** Entries supplied **
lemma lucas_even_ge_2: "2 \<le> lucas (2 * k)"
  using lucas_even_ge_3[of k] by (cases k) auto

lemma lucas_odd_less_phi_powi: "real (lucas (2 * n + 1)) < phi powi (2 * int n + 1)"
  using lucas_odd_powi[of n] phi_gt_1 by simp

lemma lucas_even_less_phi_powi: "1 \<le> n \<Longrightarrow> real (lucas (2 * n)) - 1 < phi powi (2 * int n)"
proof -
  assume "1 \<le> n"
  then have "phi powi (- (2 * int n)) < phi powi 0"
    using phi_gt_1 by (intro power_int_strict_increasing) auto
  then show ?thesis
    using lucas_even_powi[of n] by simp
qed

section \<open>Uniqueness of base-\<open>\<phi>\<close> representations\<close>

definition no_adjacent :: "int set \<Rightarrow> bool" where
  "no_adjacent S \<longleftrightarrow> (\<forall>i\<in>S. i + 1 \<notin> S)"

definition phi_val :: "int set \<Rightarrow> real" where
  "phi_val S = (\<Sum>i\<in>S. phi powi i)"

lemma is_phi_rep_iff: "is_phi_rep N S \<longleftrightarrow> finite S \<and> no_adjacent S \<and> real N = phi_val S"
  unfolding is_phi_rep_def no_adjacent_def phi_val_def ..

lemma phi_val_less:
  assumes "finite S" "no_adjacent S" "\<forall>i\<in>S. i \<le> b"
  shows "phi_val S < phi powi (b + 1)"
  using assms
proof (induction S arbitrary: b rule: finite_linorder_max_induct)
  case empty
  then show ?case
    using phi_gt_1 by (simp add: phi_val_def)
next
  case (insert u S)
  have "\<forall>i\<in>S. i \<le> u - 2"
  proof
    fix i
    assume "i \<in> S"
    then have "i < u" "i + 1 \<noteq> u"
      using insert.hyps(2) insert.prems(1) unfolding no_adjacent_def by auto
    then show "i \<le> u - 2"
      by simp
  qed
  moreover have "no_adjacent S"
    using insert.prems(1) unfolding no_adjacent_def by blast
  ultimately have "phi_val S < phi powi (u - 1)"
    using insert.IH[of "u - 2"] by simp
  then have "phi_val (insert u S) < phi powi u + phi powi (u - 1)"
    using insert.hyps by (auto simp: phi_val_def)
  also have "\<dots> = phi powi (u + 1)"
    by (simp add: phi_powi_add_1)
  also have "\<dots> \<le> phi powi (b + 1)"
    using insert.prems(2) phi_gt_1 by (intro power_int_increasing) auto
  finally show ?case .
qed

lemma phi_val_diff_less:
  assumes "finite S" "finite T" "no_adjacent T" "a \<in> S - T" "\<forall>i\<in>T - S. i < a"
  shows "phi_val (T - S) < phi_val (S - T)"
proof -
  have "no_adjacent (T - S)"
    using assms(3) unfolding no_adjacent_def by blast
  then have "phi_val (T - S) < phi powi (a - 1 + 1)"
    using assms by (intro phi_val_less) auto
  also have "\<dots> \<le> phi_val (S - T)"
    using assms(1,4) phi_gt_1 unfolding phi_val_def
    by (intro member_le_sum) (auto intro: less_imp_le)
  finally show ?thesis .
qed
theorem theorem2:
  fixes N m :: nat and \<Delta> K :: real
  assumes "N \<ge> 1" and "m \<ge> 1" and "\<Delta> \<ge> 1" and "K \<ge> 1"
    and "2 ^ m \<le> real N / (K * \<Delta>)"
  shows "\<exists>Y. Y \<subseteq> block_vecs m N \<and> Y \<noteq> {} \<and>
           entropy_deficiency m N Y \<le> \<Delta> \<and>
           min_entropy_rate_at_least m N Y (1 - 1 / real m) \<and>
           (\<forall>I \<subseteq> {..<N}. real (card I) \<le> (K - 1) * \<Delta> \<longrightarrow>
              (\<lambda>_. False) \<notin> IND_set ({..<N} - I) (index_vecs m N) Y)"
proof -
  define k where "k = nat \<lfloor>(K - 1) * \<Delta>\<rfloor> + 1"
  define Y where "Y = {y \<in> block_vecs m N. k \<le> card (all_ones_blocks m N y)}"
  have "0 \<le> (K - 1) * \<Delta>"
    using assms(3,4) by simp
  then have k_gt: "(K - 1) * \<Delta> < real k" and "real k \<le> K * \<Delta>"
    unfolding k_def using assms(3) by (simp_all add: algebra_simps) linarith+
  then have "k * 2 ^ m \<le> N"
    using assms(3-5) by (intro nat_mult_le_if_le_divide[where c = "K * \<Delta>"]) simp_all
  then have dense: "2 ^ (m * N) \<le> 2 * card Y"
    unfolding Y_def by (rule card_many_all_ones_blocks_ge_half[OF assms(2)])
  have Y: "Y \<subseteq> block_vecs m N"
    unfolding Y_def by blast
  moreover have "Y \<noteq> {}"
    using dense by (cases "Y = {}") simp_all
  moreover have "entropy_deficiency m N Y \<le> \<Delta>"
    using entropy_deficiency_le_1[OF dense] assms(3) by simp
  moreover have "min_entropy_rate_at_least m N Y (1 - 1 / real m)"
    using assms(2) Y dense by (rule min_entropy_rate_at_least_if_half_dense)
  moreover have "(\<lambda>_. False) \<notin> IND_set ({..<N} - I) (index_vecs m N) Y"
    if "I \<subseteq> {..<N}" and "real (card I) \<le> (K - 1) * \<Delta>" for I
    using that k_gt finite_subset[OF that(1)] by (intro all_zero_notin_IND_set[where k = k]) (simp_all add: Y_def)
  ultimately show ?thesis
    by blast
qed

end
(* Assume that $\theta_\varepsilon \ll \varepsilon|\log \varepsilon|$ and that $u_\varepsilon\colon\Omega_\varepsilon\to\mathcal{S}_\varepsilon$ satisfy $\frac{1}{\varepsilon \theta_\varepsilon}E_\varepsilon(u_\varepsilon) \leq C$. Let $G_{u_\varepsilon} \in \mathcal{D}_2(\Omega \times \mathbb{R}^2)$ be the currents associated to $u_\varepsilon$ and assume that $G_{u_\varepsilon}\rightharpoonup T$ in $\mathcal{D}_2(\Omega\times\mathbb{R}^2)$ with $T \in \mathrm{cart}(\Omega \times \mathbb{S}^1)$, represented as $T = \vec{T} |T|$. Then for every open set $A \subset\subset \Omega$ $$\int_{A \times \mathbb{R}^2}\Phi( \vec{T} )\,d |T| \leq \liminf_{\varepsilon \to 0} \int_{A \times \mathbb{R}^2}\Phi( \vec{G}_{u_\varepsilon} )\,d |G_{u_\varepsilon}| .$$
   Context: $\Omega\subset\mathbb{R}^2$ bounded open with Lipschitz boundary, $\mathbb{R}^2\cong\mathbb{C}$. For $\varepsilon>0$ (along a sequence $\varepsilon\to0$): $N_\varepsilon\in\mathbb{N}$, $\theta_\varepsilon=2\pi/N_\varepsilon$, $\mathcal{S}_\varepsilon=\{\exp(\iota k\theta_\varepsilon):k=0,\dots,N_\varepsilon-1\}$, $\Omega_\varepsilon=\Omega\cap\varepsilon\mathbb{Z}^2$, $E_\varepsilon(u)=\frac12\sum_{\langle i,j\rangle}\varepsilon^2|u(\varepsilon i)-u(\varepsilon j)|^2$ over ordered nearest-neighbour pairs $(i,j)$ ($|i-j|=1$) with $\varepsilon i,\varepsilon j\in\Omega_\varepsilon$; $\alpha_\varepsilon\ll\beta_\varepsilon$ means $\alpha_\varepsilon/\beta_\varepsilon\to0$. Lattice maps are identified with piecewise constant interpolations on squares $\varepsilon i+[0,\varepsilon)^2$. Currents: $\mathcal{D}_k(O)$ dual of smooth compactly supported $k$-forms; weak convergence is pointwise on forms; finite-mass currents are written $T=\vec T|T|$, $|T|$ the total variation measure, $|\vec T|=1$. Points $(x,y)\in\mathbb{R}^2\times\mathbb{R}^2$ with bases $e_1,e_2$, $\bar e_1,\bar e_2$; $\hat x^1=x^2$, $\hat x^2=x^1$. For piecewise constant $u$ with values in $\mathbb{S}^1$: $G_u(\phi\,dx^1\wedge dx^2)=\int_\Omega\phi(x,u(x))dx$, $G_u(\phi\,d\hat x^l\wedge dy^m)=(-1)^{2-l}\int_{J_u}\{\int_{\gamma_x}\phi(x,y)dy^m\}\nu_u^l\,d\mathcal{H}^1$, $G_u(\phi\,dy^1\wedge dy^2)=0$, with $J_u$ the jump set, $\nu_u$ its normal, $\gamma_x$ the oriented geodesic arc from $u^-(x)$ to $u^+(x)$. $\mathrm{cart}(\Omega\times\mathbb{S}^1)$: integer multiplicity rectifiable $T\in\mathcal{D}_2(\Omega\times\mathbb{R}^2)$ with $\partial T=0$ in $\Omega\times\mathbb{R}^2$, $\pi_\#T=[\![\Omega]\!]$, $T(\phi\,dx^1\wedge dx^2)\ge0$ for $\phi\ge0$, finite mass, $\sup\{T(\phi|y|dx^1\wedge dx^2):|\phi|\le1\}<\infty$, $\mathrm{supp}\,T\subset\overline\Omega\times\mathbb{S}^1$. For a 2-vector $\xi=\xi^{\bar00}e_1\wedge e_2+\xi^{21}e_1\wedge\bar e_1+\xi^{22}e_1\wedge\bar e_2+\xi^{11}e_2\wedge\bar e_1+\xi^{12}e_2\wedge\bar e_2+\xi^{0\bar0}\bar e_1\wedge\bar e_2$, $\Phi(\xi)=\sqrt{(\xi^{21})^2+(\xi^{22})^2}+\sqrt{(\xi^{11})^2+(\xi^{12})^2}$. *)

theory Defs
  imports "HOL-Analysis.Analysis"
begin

** Assignment **
The answer must be every line of the data that contains the word "unfolding".

** Task solution **
  unfolding is_phi_rep_def no_adjacent_def phi_val_def ..
      using insert.hyps(2) insert.prems(1) unfolding no_adjacent_def by auto
    using insert.prems(1) unfolding no_adjacent_def by blast
    using assms(3) unfolding no_adjacent_def by blast
    using assms(1,4) phi_gt_1 unfolding phi_val_def
    unfolding k_def using assms(3) by (simp_all add: algebra_simps) linarith+
    unfolding Y_def by (rule card_many_all_ones_blocks_ge_half[OF assms(2)])
    unfolding Y_def by blast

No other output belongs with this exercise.